### Your goal
For the word "else", search the records and show each line in which it occurs.

[Dataset entries]
theorem subgroup_dim_act_span_lower_bound:
  assumes fin: "finite (carrier G)" and "0 \<le> lam"
  obtains H where "subgroup H G" "stab G scale \<rho> Y \<subseteq> H"
    and "\<And>A. A \<subseteq> carrier G \<Longrightarrow> A \<noteq> {} \<Longrightarrow>
      lam * real (card A) + real (dim (act_span scale \<rho> H Y)) - lam * real (card H)
        \<le> real (dim (act_span scale \<rho> A Y))"
proof -
  define f where "f A = real (dim (act_span scale \<rho> A Y)) - lam * real (card A)" for A
  have invariant: "f (g <# A) = f A" if "g \<in> carrier G" "A \<subseteq> carrier G" for g A
    using that by (simp add: f_def dim_act_span_l_coset card_l_coset)
  have submodular: "f (A \<union> B) + f (A \<inter> B) \<le> f A + f B"
    if "A \<subseteq> carrier G" "B \<subseteq> carrier G" for A B
  proof -
    have "finite A" "finite B" using that fin finite_subset by auto
    then have "card (A \<union> B) + card (A \<inter> B) = card A + card B" by (metis card_Un_Int)
    then have "lam * real (card (A \<union> B)) + lam * real (card (A \<inter> B))
        = lam * real (card A) + lam * real (card B)"
      by (metis distrib_left of_nat_add)
    moreover have "real (dim (act_span scale \<rho> (A \<union> B) Y)) + real (dim (act_span scale \<rho> (A \<inter> B) Y))
        \<le> real (dim (act_span scale \<rho> A Y)) + real (dim (act_span scale \<rho> B Y))"
      using dim_act_span_Un_Int by (metis of_nat_add of_nat_mono)
    ultimately show ?thesis unfolding f_def by linarith
  qed
  obtain H where H: "subgroup H G" and minimal: "\<And>A. A \<subseteq> carrier G \<Longrightarrow> A \<noteq> {} \<Longrightarrow> f H \<le> f A"
    and maximal: "\<And>K. K \<subseteq> carrier G \<Longrightarrow> H \<subseteq> K \<Longrightarrow> f K \<le> f H \<Longrightarrow> K = H"
    using submodular_invariant_minimiser_subgroup[OF fin invariant submodular] by blast
  have H_carrier: "H \<subseteq> carrier G" using H by (rule subgroup.subset)
  have "stab G scale \<rho> Y \<subseteq> H"
  proof
    fix s assume s: "s \<in> stab G scale \<rho> Y"
    then have s_carrier: "s \<in> carrier G" by (simp add: stab_def)
    let ?K = "H \<union> (H #> s)"
    have K_carrier: "?K \<subseteq> carrier G" using H_carrier r_coset_subset_G[OF H_carrier s_carrier] by blast
    then have "finite ?K" using fin by (rule finite_subset)
    then have "card H \<le> card ?K" by (simp add: card_mono)
    then have "f ?K \<le> f H"
      unfolding f_def act_span_Un_r_coset_stab[OF s H_carrier] using \<open>0 \<le> lam\<close>
      by (simp add: mult_left_mono)
    then have "?K = H" using maximal[OF K_carrier] by blast
    then show "s \<in> H" using rcos_self[OF s_carrier H] by blast
  qed
  with H show thesis using minimal unfolding f_def by (intro that) (auto simp: algebra_simps)
qed

end
definition histories :: "nat \<Rightarrow> nat \<Rightarrow> nat list set" where
  "histories K n = {h. length h = n \<and> set h \<subseteq> {1..K}}"

text \<open>E[pi_{t,i}] for round t \<ge> 1: pi_t depends on I_1..I_{t-1}.\<close>
definition expected_pi :: "nat \<Rightarrow> real \<Rightarrow> real \<Rightarrow> (nat \<Rightarrow> nat \<Rightarrow> real) \<Rightarrow> nat \<Rightarrow> nat \<Rightarrow> real" where
  "expected_pi K eta gamma loss t i =
     (\<Sum>h\<in>histories K (t - 1).
        hist_prob K eta gamma loss h * wsu_pi K eta gamma loss h (t - 1) i)"

text \<open>Two-phase loss sequence for horizon T (K = 2), T_1 = T/100.\<close>
definition two_phase_loss :: "nat \<Rightarrow> nat \<Rightarrow> nat \<Rightarrow> real" where
  "two_phase_loss T t i =
     (if real t \<le> real T / 100
      then (if i = 1 then 1 else 0)
      else (if i = 2 then 1 else 0))"

end

theory Submission
  imports Defs
begin

text \<open>Track the odds \<open>\<pi>\<^sub>t\<^sub>,\<^sub>2 / \<pi>\<^sub>t\<^sub>,\<^sub>1\<close>, which dominate \<open>\<pi>\<^sub>t\<^sub>,\<^sub>2\<close>. Conditionally on the past,
  one round multiplies their expectation by at most \<open>1 + 2\<eta>\<close> while arm 1 carries the loss and
  by at most \<open>1 - \<eta>/2\<close> once arm 2 does (the exploration \<open>\<gamma> \<ge> 4\<eta>\<close> keeps the
  importance weights tame). After \<open>T\<^sub>1 + T\<^sub>2 + T\<^sub>3 = 31 T\<^sub>1\<close> rounds the expected odds are at most
  \<open>exp (2\<eta>T\<^sub>1 - 15\<eta>T\<^sub>1) = exp (-13\<eta>T/100)\<close>, and \<open>\<eta>T \<ge> T\<^sup>1\<^sup>/\<^sup>3\<close> in the non-trivial regime.\<close>

definition hist_expectation ::
    "nat \<Rightarrow> real \<Rightarrow> real \<Rightarrow> (nat \<Rightarrow> nat \<Rightarrow> real) \<Rightarrow> nat \<Rightarrow> ((nat \<Rightarrow> real) \<Rightarrow> real) \<Rightarrow> real" where
  "hist_expectation K eta gamma loss n F =
     (\<Sum>h\<in>histories K n. hist_prob K eta gamma loss h * F (wsu_pi K eta gamma loss h n))"

lemma expected_pi_eq_hist_expectation:
  "expected_pi K eta gamma loss t i = hist_expectation K eta gamma loss (t - 1) (\<lambda>p. p i)"
  by (simp add: expected_pi_def hist_expectation_def)

lemma wsu_pi_append:
  "n \<le> length h \<Longrightarrow> wsu_pi K eta gamma loss (h @ xs) n = wsu_pi K eta gamma loss h n"
  by (induction n) (auto simp: nth_append)

lemma hist_prob_snoc:
  "hist_prob K eta gamma loss (h @ [x]) =
     hist_prob K eta gamma loss h * mix K gamma (wsu_pi K eta gamma loss h (length h)) x"
proof -
  have "(\<Prod>s<length h. mix K gamma (wsu_pi K eta gamma loss (h @ [x]) s) ((h @ [x]) ! s))
      = (\<Prod>s<length h. mix K gamma (wsu_pi K eta gamma loss h s) (h ! s))"
    by (rule prod.cong) (auto simp: nth_append wsu_pi_append)
  then show ?thesis
    by (simp add: hist_prob_def wsu_pi_append)
qed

### Result of the task
      then (if i = 1 then 1 else 0)
      else (if i = 2 then 1 else 0))"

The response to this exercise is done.